— TASK TO CARRY OUT —
Search the records for lines that contain the word "exists". Copy them all.

(Dataset entries)
★ ★ ★ ★ ★

(* Let $G$ be a finite nilpotent group and let $\mathcal F$ be a family of subgroups of $G$ which contains $G$ and all the maximal subgroups of $G$ and is closed under taking intersections. Let $\mathcal C: X_t<X_{t-1}<\dots<X_1<X_0$ be a chain of elements of $\mathcal F$. If $\mathcal C$ cannot be refined in $\mathcal F$ (i.e. no element of $\mathcal F$ can be added to $\mathcal C$ so that the result is still a chain), then $t\geq u$, where $u$ is the composition length of $G/\Phi(G)$ and $\Phi(G)$ is the Frattini subgroup of $G$. *)

theory Defs
  imports "HOL-Algebra.Algebra"
begin

definition commutator_subgroup :: "('a, 'b) monoid_scheme \<Rightarrow> 'a set \<Rightarrow> 'a set \<Rightarrow> 'a set" where
  "commutator_subgroup G A B = generate G
     (\<Union>a \<in> A. \<Union>b \<in> B. { a \<otimes>\<^bsub>G\<^esub> b \<otimes>\<^bsub>G\<^esub> inv\<^bsub>G\<^esub> a \<otimes>\<^bsub>G\<^esub> inv\<^bsub>G\<^esub> b })"

fun lower_central :: "('a, 'b) monoid_scheme \<Rightarrow> nat \<Rightarrow> 'a set" where
  "lower_central G 0 = carrier G"
| "lower_central G (Suc n) = commutator_subgroup G (carrier G) (lower_central G n)"

definition nilpotent_group :: "('a, 'b) monoid_scheme \<Rightarrow> bool" where
  "nilpotent_group G \<longleftrightarrow> group G \<and> (\<exists>n. lower_central G n = {\<one>\<^bsub>G\<^esub>})"

definition maximal_subgroup :: "('a, 'b) monoid_scheme \<Rightarrow> 'a set \<Rightarrow> bool" where
  "maximal_subgroup G H \<longleftrightarrow> subgroup H G \<and> H \<noteq> carrier G \<and>
     (\<forall>K. subgroup K G \<and> H \<subseteq> K \<longrightarrow> K = H \<or> K = carrier G)"

text \<open>Frattini subgroup: intersection of all maximal subgroups (= G if there are none).\<close>
definition frattini :: "('a, 'b) monoid_scheme \<Rightarrow> 'a set" where
  "frattini G = carrier G \<inter> \<Inter> {H. maximal_subgroup G H}"

text \<open>A composition series of Q, as a list Q = H_0 > H_1 > ... > H_n = 1, each H_(i+1)
  normal in H_i with simple factor H_i / H_(i+1). Its length is n = length Hs - 1.\<close>
definition composition_series :: "('c, 'd) monoid_scheme \<Rightarrow> 'c set list \<Rightarrow> bool" where
  "composition_series Q Hs \<longleftrightarrow> Hs \<noteq> [] \<and> hd Hs = carrier Q \<and> last Hs = {\<one>\<^bsub>Q\<^esub>} \<and>
     (\<forall>i < length Hs. subgroup (Hs ! i) Q) \<and>
     (\<forall>i. Suc i < length Hs \<longrightarrow>
        Hs ! Suc i \<lhd> subgroup_generated Q (Hs ! i) \<and>
        simple_group (subgroup_generated Q (Hs ! i) Mod (Hs ! Suc i)))"

end

theory Submission
  imports Defs
begin

text \<open>For a subgroup \<open>X\<close> of \<open>G\<close> let \<open>T(X)\<close> (\<open>frattini_hull G X\<close>) be the intersection
  of the maximal subgroups containing \<open>X\<close>, and let \<open>\<Omega>(n)\<close> (\<open>bigomega n\<close>) count the prime
  factors of \<open>n\<close> with multiplicity. In a finite nilpotent group every maximal subgroup
  \<open>M\<close> is normal of prime index, and \<open>T(X \<inter> M) = T(X) \<inter> M\<close> whenever \<open>X \<nsubseteq> M\<close>. In an
  unrefinable chain each step \<open>X\<^sub>i > X\<^sub>i\<^sub>+\<^sub>1\<close> either leaves the set of maximal subgroups above it unchanged, or
  is \<open>X\<^sub>i\<^sub>+\<^sub>1 = X\<^sub>i \<inter> M\<close> for a maximal \<open>M\<close>. Hence \<open>\<Omega>|T(X\<^sub>i)|\<close> drops by at most one per
  step; as \<open>T(X\<^sub>0) = G\<close> and \<open>T(X\<^sub>t) = \<Phi>(G)\<close>, this gives \<open>\<Omega>|G/\<Phi>(G)| \<le> t\<close>. Finally the
  length of any strictly descending chain of subgroups of \<open>G/\<Phi>(G)\<close>, in particular of a
  composition series, is at most \<open>\<Omega>|G/\<Phi>(G)|\<close>.\<close>

definition bigomega :: "nat \<Rightarrow> nat" where
  "bigomega n = size (prime_factorization n)"

lemma bigomega_mult: "a \<noteq> 0 \<Longrightarrow> b \<noteq> 0 \<Longrightarrow> bigomega (a * b) = bigomega a + bigomega b"
  unfolding bigomega_def by (simp add: prime_factorization_mult)

lemma bigomega_prime: "Factorial_Ring.prime p \<Longrightarrow> bigomega p = 1"
  unfolding bigomega_def by (simp add: prime_factorization_prime)

lemma bigomega_less_if_proper_dvd:
  assumes "b dvd a" and "0 < b" and "b < a"
  shows "bigomega b < bigomega a"
proof -
  obtain k where a: "a = b * k" using assms(1) by blast
  then have "k \<noteq> 0" "k \<noteq> 1" using assms(2,3) by auto
  then have "prime_factorization k \<noteq> {#}" by (simp add: prime_factorization_empty_iff)
  then have "0 < bigomega k" unfolding bigomega_def by (simp add: nonempty_has_size)
  then show ?thesis using a bigomega_mult[of b k] assms(2) \<open>k \<noteq> 0\<close> by simp
qed

lemma maximal_subgroupD:
  assumes "maximal_subgroup G M"
  shows "subgroup M G" and "M \<noteq> carrier G"
    and "\<And>K. subgroup K G \<Longrightarrow> M \<subseteq> K \<Longrightarrow> K = M \<or> K = carrier G"
  using assms unfolding maximal_subgroup_def by auto

definition frattini_hull :: "('a, 'b) monoid_scheme \<Rightarrow> 'a set \<Rightarrow> 'a set" where
  "frattini_hull G H = carrier G \<inter> \<Inter>{M. maximal_subgroup G M \<and> H \<subseteq> M}"

lemma frattini_hull_carrier: "frattini_hull G (carrier G) = carrier G"
  unfolding frattini_hull_def maximal_subgroup_def by (auto dest: subgroup.subset)

lemma frattini_hull_eq_frattini:
  "(\<And>M. maximal_subgroup G M \<Longrightarrow> H \<subseteq> M) \<Longrightarrow> frattini_hull G H = frattini G"
  unfolding frattini_hull_def frattini_def by blast

context group
begin

lemma card_subgroup_dvd_card:
  assumes "subgroup A G" and "subgroup B G" and "B \<subseteq> A"
  shows "card B dvd card A"
proof -
  interpret A: group "G\<lparr>carrier := A\<rparr>" using assms(1) by (rule subgroup_imp_group)
  have "subgroup B (G\<lparr>carrier := A\<rparr>)" using subgroup_incl assms by blast
  then have "card (rcosets\<^bsub>G\<lparr>carrier := A\<rparr>\<^esub> B) * card B = card A"
    using A.lagrange by (simp add: order_def)
  then show ?thesis by (metis dvd_triv_right)
qed

lemma finite_subgroup: "finite (carrier G) \<Longrightarrow> subgroup H G \<Longrightarrow> finite H"
  by (metis finite_subset subgroup.subset)

lemma card_subgroup_pos: "finite (carrier G) \<Longrightarrow> subgroup H G \<Longrightarrow> 0 < card H"
  using finite_subgroup card_gt_0_iff subgroup.one_closed by blast

lemma card_set_mult_normal:
  assumes "N \<lhd> G" and "subgroup S G" and "finite (carrier G)"
  shows "card (N <#> S) * card (N \<inter> S) = card N * card S"
proof -
  interpret second_isomorphism_grp N G S
    using assms unfolding second_isomorphism_grp_def second_isomorphism_grp_axioms_def by auto
  interpret S: group "G\<lparr>carrier := S\<rparr>" using assms(2) by (rule subgroup_imp_group)
  interpret NS: group "G\<lparr>carrier := N <#> S\<rparr>"
    using normal_set_mult_subgroup by (rule subgroup_imp_group)
  have "order (G\<lparr>carrier := S\<rparr> Mod (N \<inter> S)) = order (G\<lparr>carrier := N <#> S\<rparr> Mod N)"
    using normal_intersection_quotient_isom iso_same_order by blast
  then have index_eq: "card (rcosets\<^bsub>G\<lparr>carrier := S\<rparr>\<^esub> (N \<inter> S))
      = card (rcosets\<^bsub>G\<lparr>carrier := N <#> S\<rparr>\<^esub> N)"
    by (simp add: order_def FactGroup_def)
  have "subgroup (N \<inter> S) (G\<lparr>carrier := S\<rparr>)"
    using normal_subgrp_intersection_normal normal_imp_subgroup by (metis Int_commute)
  then have "card (rcosets\<^bsub>G\<lparr>carrier := S\<rparr>\<^esub> (N \<inter> S)) * card (N \<inter> S) = card S"
    using S.lagrange by (simp add: order_def)
  moreover have "subgroup N (G\<lparr>carrier := N <#> S\<rparr>)"
    using subgroup_incl[OF is_subgroup normal_set_mult_subgroup H_contained_in_set_mult] .
  then have "card (rcosets\<^bsub>G\<lparr>carrier := N <#> S\<rparr>\<^esub> N) * card N = card (N <#> S)"
    using NS.lagrange by (simp add: order_def)
  ultimately show ?thesis using index_eq by (metis mult.assoc mult.commute)
qed

lemma maximal_subgroup_if_prime_index:
  assumes fin: "finite (carrier G)" and N: "subgroup N G"
    and q: "Factorial_Ring.prime q" "card (carrier G) = q * card N"
  shows "maximal_subgroup G N"
  unfolding maximal_subgroup_def
proof (intro conjI allI impI)
  have "0 < card N" using card_subgroup_pos fin N .
  moreover have "1 < q" using q(1) prime_gt_1_nat by blast
  ultimately show "N \<noteq> carrier G" using q(2) by auto
  fix K assume K: "subgroup K G \<and> N \<subseteq> K"
  obtain a where a: "card K = card N * a"
    using card_subgroup_dvd_card[OF _ N] K by blast
  obtain b where b: "card (carrier G) = card K * b"
    using card_subgroup_dvd_card[OF subgroup_self] K subgroup.subset by blast
  have "q = a * b" using a b q(2) \<open>0 < card N\<close> by (simp add: mult.assoc)
  then have "a = 1 \<or> b = 1" using q(1) prime_product by blast
  then show "K = N \<or> K = carrier G"
  proof
    assume "a = 1"
    moreover have "finite K" using finite_subgroup fin K by blast
    ultimately have "N = K" using a K card_subset_eq by (metis mult_1_right)
    then show ?thesis by blast
  next
    assume "b = 1"
    then have "K = carrier G" using b K fin subgroup.subset card_subset_eq by (metis mult_1_right)
    then show ?thesis by blast
  qed
qed (use N in simp)

text \<open>By Sylow, \<open>G/M\<close> has a subgroup of some prime order \<open>p\<close>; its preimage properly
  contains \<open>M\<close>, so it is \<open>G\<close>, of order \<open>p |M|\<close>.\<close>

lemma prime_index_if_maximal_normal:
  assumes fin: "finite (carrier G)" and M: "maximal_subgroup G M" and "M \<lhd> G"
  shows "\<exists>p. Factorial_Ring.prime p \<and> card (carrier G) = p * card M"
proof -
  interpret M: normal M G by fact
  note sM = maximal_subgroupD(1)[OF M] and maximal = maximal_subgroupD(3)[OF M]
  have lagrange_M: "order (G Mod M) * card M = card (carrier G)"
    using lagrange[OF sM] by (simp add: order_def FactGroup_def)
  have "order (G Mod M) \<noteq> 1"
  proof
    assume "order (G Mod M) = 1"
    then have "card M = card (carrier G)" using lagrange_M by simp
    then show False
      using maximal_subgroupD(2)[OF M] card_subset_eq[OF fin subgroup.subset[OF sM]] by blast
  qed
  then obtain p where p: "Factorial_Ring.prime p" "p dvd order (G Mod M)"
    using prime_factor_nat by blast
  then obtain m where m: "order (G Mod M) = p ^ 1 * m" by auto
  have "finite (carrier (G Mod M))" by (simp add: carrier_FactGroup fin)
  then obtain A where A: "subgroup A (G Mod M)" "card A = p ^ 1"
    using sylow_thm[OF p(1) M.factorgroup_is_group m] by blast
  define K where "K = \<Union>A"
  have sK: "subgroup K G" unfolding K_def using M.factgroup_subgroup_union_subgroup[OF A(1)] .
  have A_eq: "A = rcosets\<^bsub>G\<lparr>carrier := K\<rparr>\<^esub> M"
    unfolding K_def using M.factgroup_subgroup_union_factor[OF A(1)] .
  have "M \<subseteq> K" unfolding K_def using subgroup.one_closed[OF A(1)] by auto
  interpret K: group "G\<lparr>carrier := K\<rparr>" using sK by (rule subgroup_imp_group)
  have "subgroup M (G\<lparr>carrier := K\<rparr>)" using subgroup_incl[OF sM sK \<open>M \<subseteq> K\<close>] .
  then have "card A * card M = card K"
    unfolding A_eq using K.lagrange by (simp add: order_def)
  then have card_K: "p * card M = card K" using A(2) by simp
  moreover have "1 < p" using p(1) prime_gt_1_nat by blast
  ultimately have "K \<noteq> M" using card_subgroup_pos[OF fin sM] by auto
  then have "K = carrier G" using maximal[OF sK \<open>M \<subseteq> K\<close>] by blast
  then show ?thesis using card_K p(1) by metis
qed

lemma length_strict_subgroup_chain_le:
  assumes fin: "finite (carrier G)" and sub: "\<forall>i < length Hs. subgroup (Hs ! i) G"
    and strict: "\<forall>i. Suc i < length Hs \<longrightarrow> Hs ! Suc i \<subset> Hs ! i"
  shows "length Hs - 1 \<le> bigomega (card (Hs ! 0))"
proof -
  have chain: "bigomega (card (Hs ! i)) + i \<le> bigomega (card (Hs ! 0))" if "i < length Hs" for i
    using that
  proof (induction i)
    case (Suc i)
    have sub_i: "subgroup (Hs ! i) G" and sub_Suc: "subgroup (Hs ! Suc i) G"
      and psub: "Hs ! Suc i \<subset> Hs ! i"
      using sub strict Suc.prems by auto
    have "card (Hs ! Suc i) < card (Hs ! i)"
      using psubset_card_mono[OF finite_subgroup[OF fin sub_i] psub] .
    moreover have "card (Hs ! Suc i) dvd card (Hs ! i)"
      using card_subgroup_dvd_card[OF sub_i sub_Suc] psub by blast
    moreover have "0 < card (Hs ! Suc i)" using card_subgroup_pos[OF fin sub_Suc] .
    ultimately have "bigomega (card (Hs ! Suc i)) < bigomega (card (Hs ! i))"
      by (simp add: bigomega_less_if_proper_dvd)
    then show ?case using Suc by simp
  qed simp
  show ?thesis
  proof (cases "Hs = []")
    case False
    then show ?thesis using chain[of "length Hs - 1"] by simp
  qed simp
qed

★ ★ ★ ★ ★

— EXERCISE RESULT —
  "nilpotent_group G \<longleftrightarrow> group G \<and> (\<exists>n. lower_central G n = {\<one>\<^bsub>G\<^esub>})"
  shows "\<exists>p. Factorial_Ring.prime p \<and> card (carrier G) = p * card M"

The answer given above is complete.